What is needed
When you reach the line containing "using eventually_at_right_real[OF zero_less_one]" in the records below, start copying exactly, and stop once you have copied the line containing "R PX) \<le>".

== == ==

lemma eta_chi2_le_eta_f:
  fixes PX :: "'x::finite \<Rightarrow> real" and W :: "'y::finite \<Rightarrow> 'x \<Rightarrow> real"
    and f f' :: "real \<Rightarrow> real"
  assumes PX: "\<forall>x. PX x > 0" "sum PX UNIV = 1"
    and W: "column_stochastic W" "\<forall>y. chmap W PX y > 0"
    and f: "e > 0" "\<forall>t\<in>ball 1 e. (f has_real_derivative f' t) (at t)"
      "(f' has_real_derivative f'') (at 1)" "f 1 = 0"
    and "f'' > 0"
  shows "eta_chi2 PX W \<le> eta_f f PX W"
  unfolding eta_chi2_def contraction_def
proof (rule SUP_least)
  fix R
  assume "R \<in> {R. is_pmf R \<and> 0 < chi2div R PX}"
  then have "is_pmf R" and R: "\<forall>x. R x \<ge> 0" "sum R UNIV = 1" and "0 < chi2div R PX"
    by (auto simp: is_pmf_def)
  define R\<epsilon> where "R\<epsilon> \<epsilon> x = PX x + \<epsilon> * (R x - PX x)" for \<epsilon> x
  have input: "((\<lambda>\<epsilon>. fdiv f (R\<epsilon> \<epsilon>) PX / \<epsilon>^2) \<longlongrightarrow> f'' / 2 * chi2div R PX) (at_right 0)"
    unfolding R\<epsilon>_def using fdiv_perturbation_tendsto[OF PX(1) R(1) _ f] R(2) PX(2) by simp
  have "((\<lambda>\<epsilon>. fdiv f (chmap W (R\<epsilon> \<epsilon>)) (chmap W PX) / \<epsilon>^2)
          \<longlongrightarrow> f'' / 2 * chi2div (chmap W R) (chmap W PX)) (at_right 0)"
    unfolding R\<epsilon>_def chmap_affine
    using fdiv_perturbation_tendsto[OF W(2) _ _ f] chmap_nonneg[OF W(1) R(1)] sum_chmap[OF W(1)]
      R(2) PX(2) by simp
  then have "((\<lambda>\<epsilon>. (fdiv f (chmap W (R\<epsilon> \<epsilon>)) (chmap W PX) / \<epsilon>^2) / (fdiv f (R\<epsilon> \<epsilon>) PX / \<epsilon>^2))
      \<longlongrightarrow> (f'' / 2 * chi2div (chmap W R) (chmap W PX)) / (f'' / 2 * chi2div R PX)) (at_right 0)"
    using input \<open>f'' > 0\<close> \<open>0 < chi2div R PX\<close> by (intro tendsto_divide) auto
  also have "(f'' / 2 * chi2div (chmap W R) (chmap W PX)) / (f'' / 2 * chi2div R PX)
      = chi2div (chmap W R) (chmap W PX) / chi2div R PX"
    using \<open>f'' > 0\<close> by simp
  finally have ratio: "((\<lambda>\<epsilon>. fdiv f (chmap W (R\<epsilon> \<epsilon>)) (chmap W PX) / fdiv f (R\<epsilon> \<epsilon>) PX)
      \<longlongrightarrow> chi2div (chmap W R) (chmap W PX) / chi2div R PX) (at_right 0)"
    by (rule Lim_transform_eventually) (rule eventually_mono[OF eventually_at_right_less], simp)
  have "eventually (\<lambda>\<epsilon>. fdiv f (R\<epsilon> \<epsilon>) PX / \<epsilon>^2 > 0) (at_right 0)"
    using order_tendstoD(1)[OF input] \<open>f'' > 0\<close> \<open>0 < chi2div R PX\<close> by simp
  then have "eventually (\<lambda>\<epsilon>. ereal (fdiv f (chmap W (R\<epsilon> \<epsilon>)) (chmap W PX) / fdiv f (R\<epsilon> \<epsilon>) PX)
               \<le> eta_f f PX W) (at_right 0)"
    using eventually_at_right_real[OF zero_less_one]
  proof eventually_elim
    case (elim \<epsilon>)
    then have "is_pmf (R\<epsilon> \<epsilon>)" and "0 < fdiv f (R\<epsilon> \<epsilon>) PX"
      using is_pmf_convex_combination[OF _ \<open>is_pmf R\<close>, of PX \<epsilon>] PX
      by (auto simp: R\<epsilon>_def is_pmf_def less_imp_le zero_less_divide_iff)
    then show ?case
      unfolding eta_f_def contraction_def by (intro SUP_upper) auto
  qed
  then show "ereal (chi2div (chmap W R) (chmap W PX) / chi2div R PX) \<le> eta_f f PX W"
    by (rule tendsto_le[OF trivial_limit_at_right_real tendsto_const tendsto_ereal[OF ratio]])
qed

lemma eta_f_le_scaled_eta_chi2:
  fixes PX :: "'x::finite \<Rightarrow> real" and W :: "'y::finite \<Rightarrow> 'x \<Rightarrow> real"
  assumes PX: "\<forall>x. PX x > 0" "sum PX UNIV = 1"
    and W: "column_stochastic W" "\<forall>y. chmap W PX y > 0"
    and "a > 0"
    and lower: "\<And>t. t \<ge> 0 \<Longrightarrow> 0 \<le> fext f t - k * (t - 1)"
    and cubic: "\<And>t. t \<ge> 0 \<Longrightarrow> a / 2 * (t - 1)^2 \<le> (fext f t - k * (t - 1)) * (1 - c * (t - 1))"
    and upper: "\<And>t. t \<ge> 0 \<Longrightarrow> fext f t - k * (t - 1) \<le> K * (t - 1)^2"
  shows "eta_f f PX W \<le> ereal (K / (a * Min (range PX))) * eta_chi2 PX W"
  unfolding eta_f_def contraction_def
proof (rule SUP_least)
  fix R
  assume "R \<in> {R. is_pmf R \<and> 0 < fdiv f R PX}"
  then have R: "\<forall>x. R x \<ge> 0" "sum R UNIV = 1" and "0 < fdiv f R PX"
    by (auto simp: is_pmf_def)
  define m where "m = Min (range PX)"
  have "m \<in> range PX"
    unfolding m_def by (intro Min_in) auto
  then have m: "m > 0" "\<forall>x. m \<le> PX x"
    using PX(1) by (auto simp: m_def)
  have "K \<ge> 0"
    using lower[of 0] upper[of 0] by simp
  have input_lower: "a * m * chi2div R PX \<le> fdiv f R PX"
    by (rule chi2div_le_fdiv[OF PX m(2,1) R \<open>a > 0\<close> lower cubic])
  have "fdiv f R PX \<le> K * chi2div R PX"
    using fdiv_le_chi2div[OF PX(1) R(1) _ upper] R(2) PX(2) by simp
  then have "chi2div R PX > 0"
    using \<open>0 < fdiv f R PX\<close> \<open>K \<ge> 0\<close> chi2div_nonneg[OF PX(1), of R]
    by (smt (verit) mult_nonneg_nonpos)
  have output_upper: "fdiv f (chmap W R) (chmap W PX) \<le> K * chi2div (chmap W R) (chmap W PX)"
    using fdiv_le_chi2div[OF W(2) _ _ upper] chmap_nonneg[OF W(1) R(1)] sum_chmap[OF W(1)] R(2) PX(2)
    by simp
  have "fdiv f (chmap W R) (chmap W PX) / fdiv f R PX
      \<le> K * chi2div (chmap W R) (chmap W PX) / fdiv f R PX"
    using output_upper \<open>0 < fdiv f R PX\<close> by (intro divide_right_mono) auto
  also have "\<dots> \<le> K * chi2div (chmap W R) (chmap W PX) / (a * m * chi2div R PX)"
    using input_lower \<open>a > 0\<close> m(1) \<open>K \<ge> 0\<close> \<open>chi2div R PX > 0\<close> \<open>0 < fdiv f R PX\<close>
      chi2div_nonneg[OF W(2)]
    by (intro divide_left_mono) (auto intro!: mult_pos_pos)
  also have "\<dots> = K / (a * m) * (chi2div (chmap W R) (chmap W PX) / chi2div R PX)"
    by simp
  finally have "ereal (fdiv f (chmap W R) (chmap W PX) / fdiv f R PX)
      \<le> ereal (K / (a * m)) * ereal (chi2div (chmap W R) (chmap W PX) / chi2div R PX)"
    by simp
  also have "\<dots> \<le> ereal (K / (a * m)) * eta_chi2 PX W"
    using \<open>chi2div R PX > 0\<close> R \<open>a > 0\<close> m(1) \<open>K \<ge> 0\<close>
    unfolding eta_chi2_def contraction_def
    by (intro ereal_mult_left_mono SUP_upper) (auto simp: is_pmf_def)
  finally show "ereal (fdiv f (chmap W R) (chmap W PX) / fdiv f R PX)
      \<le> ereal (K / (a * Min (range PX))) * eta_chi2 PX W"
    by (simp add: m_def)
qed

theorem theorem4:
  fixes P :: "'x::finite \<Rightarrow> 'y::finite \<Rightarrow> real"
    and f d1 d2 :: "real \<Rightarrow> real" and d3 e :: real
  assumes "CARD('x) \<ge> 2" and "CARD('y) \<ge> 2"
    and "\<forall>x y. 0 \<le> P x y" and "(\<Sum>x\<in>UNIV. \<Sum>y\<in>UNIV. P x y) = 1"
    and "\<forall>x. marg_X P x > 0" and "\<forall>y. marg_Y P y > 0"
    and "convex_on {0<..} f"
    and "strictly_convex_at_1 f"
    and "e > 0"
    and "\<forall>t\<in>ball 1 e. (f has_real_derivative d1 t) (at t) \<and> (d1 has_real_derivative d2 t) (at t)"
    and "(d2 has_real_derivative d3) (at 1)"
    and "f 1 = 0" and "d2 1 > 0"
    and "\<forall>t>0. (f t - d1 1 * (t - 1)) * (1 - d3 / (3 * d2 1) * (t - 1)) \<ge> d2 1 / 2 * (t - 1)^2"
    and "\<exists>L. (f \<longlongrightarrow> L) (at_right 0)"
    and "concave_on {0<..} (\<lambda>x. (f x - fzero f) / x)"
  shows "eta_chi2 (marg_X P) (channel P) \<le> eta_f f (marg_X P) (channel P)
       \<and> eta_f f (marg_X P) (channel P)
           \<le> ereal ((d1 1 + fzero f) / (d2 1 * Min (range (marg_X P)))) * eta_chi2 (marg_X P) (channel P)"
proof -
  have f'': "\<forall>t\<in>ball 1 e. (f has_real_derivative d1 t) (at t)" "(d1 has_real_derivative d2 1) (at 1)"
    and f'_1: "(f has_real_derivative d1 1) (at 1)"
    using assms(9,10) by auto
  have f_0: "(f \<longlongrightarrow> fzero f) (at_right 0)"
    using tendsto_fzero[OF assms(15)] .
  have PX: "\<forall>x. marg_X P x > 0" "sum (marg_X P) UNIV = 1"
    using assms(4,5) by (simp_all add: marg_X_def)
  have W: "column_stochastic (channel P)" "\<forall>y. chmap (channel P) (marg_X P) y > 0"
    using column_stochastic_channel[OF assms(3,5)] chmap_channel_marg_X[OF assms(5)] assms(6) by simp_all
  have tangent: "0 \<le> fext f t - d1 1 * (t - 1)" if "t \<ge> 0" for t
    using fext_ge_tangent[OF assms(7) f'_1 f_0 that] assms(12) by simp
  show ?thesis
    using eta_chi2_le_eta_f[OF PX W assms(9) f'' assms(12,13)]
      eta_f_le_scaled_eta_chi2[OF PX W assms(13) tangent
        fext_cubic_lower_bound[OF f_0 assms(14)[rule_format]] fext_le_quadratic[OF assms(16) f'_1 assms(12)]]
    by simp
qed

== == ==

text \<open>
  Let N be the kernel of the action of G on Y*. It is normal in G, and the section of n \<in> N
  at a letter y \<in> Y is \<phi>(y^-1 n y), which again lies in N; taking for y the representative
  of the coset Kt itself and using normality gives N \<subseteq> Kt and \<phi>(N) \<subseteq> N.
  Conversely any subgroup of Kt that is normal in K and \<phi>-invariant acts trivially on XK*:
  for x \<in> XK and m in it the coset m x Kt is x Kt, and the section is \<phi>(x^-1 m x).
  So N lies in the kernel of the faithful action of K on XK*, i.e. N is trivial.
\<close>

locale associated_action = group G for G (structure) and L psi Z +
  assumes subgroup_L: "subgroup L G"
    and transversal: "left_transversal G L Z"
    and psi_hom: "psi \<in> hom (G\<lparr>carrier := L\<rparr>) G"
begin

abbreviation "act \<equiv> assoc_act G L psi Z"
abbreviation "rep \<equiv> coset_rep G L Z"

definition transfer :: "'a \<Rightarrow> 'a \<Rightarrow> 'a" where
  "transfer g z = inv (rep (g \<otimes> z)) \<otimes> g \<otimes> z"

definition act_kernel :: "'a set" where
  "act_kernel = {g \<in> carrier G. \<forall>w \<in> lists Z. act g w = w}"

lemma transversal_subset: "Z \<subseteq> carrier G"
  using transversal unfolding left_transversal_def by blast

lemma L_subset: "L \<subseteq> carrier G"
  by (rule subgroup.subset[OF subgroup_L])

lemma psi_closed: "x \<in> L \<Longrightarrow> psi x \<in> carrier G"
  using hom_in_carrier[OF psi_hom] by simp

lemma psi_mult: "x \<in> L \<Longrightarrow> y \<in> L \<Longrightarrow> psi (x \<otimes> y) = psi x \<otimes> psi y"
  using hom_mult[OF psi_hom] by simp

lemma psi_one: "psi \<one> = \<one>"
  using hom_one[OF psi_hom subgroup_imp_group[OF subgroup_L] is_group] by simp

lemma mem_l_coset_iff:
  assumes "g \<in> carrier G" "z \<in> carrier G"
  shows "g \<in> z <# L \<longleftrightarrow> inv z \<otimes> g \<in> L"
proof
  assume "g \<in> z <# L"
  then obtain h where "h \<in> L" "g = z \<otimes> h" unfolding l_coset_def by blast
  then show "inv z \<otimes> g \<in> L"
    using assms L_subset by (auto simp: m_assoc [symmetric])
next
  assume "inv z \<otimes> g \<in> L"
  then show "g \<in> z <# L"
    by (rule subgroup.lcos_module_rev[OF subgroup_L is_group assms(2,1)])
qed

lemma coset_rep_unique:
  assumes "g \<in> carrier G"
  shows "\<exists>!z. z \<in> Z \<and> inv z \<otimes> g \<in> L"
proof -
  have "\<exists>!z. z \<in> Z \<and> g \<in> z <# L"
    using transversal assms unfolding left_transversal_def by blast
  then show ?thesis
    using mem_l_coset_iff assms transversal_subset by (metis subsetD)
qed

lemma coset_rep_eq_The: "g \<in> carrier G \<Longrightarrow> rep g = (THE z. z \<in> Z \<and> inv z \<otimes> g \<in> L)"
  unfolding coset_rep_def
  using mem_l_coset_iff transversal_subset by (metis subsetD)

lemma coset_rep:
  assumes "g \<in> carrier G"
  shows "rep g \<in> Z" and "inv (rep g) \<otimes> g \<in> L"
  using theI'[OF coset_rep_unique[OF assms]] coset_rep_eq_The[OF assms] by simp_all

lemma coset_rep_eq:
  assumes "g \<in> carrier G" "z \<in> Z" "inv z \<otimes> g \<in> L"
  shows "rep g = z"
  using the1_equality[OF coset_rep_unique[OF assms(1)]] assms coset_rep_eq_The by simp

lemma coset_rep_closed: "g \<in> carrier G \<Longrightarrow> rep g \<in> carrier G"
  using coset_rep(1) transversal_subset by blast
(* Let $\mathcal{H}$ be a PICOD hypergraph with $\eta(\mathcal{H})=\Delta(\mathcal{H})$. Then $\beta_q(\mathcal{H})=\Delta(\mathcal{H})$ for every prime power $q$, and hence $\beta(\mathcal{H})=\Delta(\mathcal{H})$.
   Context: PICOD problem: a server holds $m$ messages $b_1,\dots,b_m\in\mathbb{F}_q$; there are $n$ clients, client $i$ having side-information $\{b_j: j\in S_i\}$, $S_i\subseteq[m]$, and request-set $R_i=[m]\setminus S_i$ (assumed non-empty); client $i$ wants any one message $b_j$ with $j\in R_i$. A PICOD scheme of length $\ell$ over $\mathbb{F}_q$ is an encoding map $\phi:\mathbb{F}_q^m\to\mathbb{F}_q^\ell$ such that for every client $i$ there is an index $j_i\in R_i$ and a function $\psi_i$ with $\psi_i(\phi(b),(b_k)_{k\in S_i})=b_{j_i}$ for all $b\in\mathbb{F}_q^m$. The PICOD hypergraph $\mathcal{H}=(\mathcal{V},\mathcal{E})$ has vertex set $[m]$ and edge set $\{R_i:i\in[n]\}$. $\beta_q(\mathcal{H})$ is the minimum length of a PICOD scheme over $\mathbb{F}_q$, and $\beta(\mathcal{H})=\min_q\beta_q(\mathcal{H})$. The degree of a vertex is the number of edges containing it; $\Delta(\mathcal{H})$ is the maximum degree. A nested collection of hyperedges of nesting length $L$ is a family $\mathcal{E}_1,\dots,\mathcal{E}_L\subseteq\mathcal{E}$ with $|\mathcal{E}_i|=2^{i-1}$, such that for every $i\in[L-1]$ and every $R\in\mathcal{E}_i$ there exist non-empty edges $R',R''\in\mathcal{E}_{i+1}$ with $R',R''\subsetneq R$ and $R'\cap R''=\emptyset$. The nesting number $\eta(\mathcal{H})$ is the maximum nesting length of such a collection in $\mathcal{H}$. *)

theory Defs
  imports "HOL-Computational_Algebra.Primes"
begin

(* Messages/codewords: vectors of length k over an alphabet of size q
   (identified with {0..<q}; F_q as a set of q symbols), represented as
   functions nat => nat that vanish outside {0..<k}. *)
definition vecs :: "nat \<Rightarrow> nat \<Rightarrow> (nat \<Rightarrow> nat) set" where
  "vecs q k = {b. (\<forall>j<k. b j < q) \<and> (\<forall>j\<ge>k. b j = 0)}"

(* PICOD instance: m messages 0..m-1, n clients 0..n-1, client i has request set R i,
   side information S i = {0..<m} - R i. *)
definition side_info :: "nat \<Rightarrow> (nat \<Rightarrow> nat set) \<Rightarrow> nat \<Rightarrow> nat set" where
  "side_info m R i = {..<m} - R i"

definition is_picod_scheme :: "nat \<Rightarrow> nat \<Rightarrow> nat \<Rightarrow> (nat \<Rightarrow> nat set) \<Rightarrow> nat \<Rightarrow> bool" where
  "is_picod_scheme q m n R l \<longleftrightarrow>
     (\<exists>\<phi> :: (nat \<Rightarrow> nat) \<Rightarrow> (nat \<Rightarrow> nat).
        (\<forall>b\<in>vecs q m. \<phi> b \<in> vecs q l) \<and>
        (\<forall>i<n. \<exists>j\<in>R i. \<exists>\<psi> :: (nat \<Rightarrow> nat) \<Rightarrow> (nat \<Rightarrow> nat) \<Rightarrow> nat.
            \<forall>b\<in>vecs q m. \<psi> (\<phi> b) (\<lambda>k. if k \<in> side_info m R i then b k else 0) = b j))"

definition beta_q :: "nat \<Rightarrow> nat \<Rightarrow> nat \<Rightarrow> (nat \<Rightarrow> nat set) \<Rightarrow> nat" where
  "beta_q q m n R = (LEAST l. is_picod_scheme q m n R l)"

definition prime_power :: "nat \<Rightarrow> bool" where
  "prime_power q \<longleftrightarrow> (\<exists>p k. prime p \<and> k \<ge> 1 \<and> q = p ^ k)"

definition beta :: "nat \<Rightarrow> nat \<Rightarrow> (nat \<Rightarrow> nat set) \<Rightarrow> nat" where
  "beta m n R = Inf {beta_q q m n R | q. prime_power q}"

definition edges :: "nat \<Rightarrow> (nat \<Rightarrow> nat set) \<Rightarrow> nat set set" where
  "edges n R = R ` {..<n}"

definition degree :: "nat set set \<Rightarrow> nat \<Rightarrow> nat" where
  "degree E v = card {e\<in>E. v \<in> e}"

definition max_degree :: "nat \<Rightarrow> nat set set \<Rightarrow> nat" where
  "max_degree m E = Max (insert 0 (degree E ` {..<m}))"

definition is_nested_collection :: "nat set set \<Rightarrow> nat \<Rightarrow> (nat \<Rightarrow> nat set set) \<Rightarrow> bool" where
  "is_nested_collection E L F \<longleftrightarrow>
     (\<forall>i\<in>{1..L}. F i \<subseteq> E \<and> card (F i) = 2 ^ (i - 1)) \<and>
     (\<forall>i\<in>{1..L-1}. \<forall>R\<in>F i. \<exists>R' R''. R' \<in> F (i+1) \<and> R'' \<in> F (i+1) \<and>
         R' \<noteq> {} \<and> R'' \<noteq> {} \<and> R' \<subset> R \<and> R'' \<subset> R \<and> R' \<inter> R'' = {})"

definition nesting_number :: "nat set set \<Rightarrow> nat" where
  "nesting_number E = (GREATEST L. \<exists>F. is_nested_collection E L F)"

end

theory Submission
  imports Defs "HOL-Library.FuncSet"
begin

== == ==

Result
    using eventually_at_right_real[OF zero_less_one]
  proof eventually_elim
    case (elim \<epsilon>)
    then have "is_pmf (R\<epsilon> \<epsilon>)" and "0 < fdiv f (R\<epsilon> \<epsilon>) PX"
      using is_pmf_convex_combination[OF _ \<open>is_pmf R\<close>, of PX \<epsilon>] PX
      by (auto simp: R\<epsilon>_def is_pmf_def less_imp_le zero_less_divide_iff)
    then show ?case
      unfolding eta_f_def contraction_def by (intro SUP_upper) auto
  qed
  then show "ereal (chi2div (chmap W R) (chmap W PX) / chi2div R PX) \<le> eta_f f PX W"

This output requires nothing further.